本来は生態系を指す英語「ecosystem」を比喩的に用い、主に情報通信産業において、動植物の食物連鎖や物質循環といった生物群の循環系という元の意味から転化して、経済的な依存関係や協調関係、または強者を頂点とする新たな成長分野でのピラミッド型の産業構造といった、新規な産業体系を構成しつつある発展途上の分野での企業間の連携関係全体を表すのに用いられる用語である。

経済環境に存在する企業が、個体として競争しながらも、協調して「群れ」として生き残りを図る。その「群れ」を「ビジネスエコシステム」と称するようになったと理解しています。

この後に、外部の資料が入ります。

text \<open>The difference quotients of \<psi> in direction e integrate to 0 by translation invariance
  and converge dominatedly to the directional derivative.\<close>
lemma lborel_integral_directional_derivative_eq_0:
  fixes \<psi> :: "'a::euclidean_space \<Rightarrow> real"
  assumes d: "\<And>x. (\<psi> has_derivative \<psi>' x) (at x)"
    and c: "continuous_on UNIV (\<lambda>x. \<psi>' x e)"
    and K: "compact K" and z: "\<And>x. x \<notin> K \<Longrightarrow> \<psi> x = 0"
  shows "(\<integral>x. \<psi>' x e \<partial>lborel) = 0"
proof -
  have D_zero: "\<psi>' x e = 0" if "x \<notin> K" for x
    using has_derivative_zero_outside_support[OF d compact_imp_closed[OF K] that z] by simp
  obtain M where "M > 0" and M: "\<And>x. x \<in> K \<Longrightarrow> \<bar>\<psi>' x e\<bar> \<le> M"
    using compact_imp_bounded[OF compact_continuous_image[OF continuous_on_subset[OF c] K]]
    by (auto simp: bounded_pos)
  then have D_bound: "\<bar>\<psi>' x e\<bar> \<le> M" for x
    using D_zero by (cases "x \<in> K") auto
  obtain R where R: "\<And>x. x \<in> K \<Longrightarrow> norm x \<le> R"
    using compact_imp_bounded[OF K] by (auto simp: bounded_pos)
  have \<psi>_cont: "continuous_on UNIV \<psi>"
    using d has_derivative_continuous continuous_at_imp_continuous_on by blast
  then have \<psi>_meas[measurable]: "\<psi> \<in> borel_measurable borel"
    using borel_measurable_continuous_onI by blast
  have \<psi>_int: "integrable lborel \<psi>"
    using integrable_continuous_compact_support[OF \<psi>_cont K z] .
  define h :: "nat \<Rightarrow> real" where "h n = inverse (real (Suc n))" for n
  have h_pos: "h n > 0" and h_le: "h n \<le> 1" for n
    by (simp_all add: h_def inverse_le_1_iff)
  have h_lim: "filterlim h (at 0) sequentially"
    unfolding h_def filterlim_at using LIMSEQ_inverse_real_of_nat by auto
  define s where "s n x = (\<psi> (x + h n *\<^sub>R e) - \<psi> x) / h n" for n x
  have s_zero: "s n x = 0" if "x \<notin> cball 0 (R + norm e)" for n x
  proof -
    have "norm (h n *\<^sub>R e) \<le> norm e"
      using h_pos[of n] h_le[of n] by (simp add: mult_left_le_one_le)
    moreover have "R + norm e < norm x"
      using that by simp
    ultimately have "norm (x + h n *\<^sub>R e) > R" "norm x > R"
      using norm_diff_ineq[of x "h n *\<^sub>R e"] norm_ge_zero[of e] by linarith+
    then show ?thesis
      using R z by (metis s_def diff_self div_0 not_le)
  qed
  have "(\<lambda>n. integral\<^sup>L lborel (s n)) \<longlonglongrightarrow> (\<integral>x. \<psi>' x e \<partial>lborel)"
  proof (rule integral_dominated_convergence[where w="\<lambda>x. M * indicator (cball 0 (R + norm e)) x"])
    show "(\<lambda>x. \<psi>' x e) \<in> borel_measurable lborel"
      using c borel_measurable_continuous_onI by simp
    show "s n \<in> borel_measurable lborel" for n
      unfolding s_def by measurable
    show "integrable lborel (\<lambda>x. M * indicator (cball 0 (R + norm e)) x)"
      by (intro integrable_mult_right integrable_real_indicator) (use emeasure_lborel_cball_finite in \<open>auto simp: top_unique\<close>)
    show "AE x in lborel. norm (s n x) \<le> M * indicator (cball 0 (R + norm e)) x" for n
      using s_zero difference_quotient_bounded[OF d D_bound h_pos]
      by (auto simp: s_def indicator_def)
    show "AE x in lborel. (\<lambda>n. s n x) \<longlonglongrightarrow> \<psi>' x e"
      unfolding s_def using difference_quotient_tendsto[OF d h_lim] by simp
  qed
  moreover have "integral\<^sup>L lborel (s n) = 0" for n
  proof -
    have "s n = (\<lambda>x. (\<psi> (h n *\<^sub>R e + x) - \<psi> x) / h n)"
      by (simp add: fun_eq_iff s_def add.commute)
    moreover have "integrable lborel (\<lambda>x. \<psi> (h n *\<^sub>R e + x))"
      using \<psi>_int lborel_integral_translate(1)[OF \<psi>_meas] by blast
    ultimately show ?thesis
      using \<psi>_int lborel_integral_translate(2)[OF \<psi>_meas] by simp
  qed
  ultimately have "(\<lambda>n. 0) \<longlonglongrightarrow> (\<integral>x. \<psi>' x e \<partial>lborel)"
    by simp
  then show ?thesis
    using LIMSEQ_unique tendsto_const by blast
qed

ビジネスエコシステムという言葉について、生態学における「エコシステム(生態系)」を参照しながらもう少し考えてみたくなりました。

「毛虫が大繁殖したら殺虫剤を撒けばいいのではないかと考える方が多いでしょう。ところが、その毛虫を食べる益虫まで殺してしまったとしたら、次の年には、もっと毛虫が増えるかもしれないのです」という言葉に正直ハッとしました。

<食う - 食われる>関係などでつながっているからこそ、ある種の個体数が急に増えたり減ったりしてしまうと、その影響が増幅・抑制されながら、他の種の個体数にも影響を及ぼします。特に<食う - 食われる>という関係において捕食者(食べる側)は必要以上の殺生はしません。

一般に、生物の個体数は「自然環境」の変化によって増減します。その環境変化は受け入れざるをえず、進化・適応することで生き延びようとします。そして、生き延びた生物同士の間で新たなつながり、生態系が生まれます。

一方、人間の経済環境は法律や慣習などで「人為的に作られたもの」です。人間が自らつくり変えることのできるものです。

ある企業が「自らが有利になるように働きかける」というのは、短期的に見て「競争に勝つ」という意味では得をするのかもしれません。一方、やがて独占状態が生まれてしまうならば、排除されてしまった企業同士、その中にいる人同士のつながりが失われ、生態系としての多様性が失われてしまう。

「必要以上に捕食しない」という思想が経済活動に組み込まれてはじめて、「ビジネスエコシステム」という言葉は生態系におけるエコシステムに肉薄していくのではないだろうか。

そのようなことを思いました。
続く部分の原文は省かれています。